(Saved data entries)
[Start of Attachment]
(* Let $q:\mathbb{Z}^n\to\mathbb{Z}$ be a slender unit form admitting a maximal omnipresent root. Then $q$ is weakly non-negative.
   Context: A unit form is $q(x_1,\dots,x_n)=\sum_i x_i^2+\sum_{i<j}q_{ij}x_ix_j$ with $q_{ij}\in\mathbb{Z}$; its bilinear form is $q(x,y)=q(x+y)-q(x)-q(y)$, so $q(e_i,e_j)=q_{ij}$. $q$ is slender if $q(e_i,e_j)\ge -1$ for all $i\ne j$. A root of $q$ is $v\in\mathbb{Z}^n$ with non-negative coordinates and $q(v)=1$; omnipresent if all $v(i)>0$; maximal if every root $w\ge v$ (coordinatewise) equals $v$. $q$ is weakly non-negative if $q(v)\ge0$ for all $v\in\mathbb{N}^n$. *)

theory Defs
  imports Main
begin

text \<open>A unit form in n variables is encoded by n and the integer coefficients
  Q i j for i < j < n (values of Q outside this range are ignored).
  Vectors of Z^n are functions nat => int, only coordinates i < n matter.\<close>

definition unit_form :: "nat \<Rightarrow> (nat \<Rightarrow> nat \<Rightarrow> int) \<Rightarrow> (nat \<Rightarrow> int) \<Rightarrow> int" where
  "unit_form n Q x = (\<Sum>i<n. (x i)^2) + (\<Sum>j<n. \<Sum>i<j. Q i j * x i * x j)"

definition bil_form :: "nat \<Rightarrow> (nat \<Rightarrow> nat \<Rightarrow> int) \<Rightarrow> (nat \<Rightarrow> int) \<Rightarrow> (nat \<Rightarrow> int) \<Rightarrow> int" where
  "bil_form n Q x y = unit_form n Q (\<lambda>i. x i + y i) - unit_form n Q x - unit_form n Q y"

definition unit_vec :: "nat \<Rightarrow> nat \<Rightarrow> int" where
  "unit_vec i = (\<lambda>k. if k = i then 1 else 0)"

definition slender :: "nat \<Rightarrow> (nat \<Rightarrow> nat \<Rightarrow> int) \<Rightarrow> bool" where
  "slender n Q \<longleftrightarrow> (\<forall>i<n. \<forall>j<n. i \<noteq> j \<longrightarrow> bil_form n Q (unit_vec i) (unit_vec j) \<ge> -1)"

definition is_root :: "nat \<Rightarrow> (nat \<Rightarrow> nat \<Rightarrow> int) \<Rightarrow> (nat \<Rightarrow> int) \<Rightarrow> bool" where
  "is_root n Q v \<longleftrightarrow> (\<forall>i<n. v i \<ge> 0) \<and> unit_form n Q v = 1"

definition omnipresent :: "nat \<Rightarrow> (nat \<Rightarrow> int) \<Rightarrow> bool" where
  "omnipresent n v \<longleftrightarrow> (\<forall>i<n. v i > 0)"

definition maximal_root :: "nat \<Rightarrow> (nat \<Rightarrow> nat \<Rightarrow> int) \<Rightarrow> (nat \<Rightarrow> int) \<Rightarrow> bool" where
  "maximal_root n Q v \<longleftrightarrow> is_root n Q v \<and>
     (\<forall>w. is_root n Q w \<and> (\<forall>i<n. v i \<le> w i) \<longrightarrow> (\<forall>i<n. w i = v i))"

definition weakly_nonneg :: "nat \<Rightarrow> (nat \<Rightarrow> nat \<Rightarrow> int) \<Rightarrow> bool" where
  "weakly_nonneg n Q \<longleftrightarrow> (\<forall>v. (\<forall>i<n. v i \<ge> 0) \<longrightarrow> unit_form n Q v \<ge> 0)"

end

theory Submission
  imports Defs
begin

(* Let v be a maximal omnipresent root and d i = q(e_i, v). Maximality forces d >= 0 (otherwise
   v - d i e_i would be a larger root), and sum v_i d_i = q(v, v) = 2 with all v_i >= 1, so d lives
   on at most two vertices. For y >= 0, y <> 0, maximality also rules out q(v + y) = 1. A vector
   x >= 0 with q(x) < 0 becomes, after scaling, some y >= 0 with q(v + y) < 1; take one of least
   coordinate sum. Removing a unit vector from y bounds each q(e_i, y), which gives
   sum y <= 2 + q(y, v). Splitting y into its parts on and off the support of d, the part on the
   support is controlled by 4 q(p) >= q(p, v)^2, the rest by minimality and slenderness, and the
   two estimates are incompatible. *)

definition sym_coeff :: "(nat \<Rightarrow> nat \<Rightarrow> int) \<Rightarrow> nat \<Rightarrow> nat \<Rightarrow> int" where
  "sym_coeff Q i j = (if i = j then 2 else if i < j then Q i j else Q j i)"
[End of Attachment]
[Start of Attachment]
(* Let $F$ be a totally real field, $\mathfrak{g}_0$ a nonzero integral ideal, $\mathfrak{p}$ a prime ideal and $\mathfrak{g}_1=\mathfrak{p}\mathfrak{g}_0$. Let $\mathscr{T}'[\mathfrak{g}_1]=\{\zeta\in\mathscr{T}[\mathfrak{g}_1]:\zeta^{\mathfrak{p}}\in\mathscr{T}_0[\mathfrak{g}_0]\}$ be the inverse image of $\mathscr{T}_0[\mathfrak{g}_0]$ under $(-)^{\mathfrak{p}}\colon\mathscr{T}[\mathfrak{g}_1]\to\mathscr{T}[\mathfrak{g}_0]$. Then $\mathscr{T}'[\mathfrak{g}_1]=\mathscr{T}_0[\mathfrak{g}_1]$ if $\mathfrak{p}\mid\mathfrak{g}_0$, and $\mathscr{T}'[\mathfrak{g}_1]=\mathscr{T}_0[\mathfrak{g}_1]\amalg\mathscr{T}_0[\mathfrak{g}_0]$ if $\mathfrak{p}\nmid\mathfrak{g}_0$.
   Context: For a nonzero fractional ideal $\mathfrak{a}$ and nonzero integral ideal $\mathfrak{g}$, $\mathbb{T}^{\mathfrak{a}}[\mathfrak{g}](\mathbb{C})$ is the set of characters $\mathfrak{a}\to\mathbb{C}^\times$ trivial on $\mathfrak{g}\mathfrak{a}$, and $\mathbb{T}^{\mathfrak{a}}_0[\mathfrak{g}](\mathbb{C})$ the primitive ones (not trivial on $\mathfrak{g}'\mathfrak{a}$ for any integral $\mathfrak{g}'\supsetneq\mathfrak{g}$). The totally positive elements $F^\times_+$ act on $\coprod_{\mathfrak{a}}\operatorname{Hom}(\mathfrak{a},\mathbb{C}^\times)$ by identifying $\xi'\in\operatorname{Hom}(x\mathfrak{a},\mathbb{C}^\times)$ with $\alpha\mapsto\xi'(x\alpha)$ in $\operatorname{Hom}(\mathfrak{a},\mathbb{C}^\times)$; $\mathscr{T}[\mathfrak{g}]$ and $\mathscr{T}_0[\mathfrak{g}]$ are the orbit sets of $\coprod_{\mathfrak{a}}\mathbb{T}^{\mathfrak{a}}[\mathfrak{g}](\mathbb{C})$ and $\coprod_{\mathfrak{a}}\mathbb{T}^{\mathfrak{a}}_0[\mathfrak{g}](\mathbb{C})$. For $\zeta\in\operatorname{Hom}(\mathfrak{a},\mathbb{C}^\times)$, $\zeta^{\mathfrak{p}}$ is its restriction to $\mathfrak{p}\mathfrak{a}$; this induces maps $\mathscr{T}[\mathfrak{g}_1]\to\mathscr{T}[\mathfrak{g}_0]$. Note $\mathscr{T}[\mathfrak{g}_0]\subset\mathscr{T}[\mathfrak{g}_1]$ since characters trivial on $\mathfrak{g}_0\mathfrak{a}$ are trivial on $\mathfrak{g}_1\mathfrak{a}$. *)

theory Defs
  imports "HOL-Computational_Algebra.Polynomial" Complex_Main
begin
[End of Attachment]
# [Goal of the exercise]
Search the data above for the string "else" and return every line that has it.

# [Answer to this exercise]
  "unit_vec i = (\<lambda>k. if k = i then 1 else 0)"
  "sym_coeff Q i j = (if i = j then 2 else if i < j then Q i j else Q j i)"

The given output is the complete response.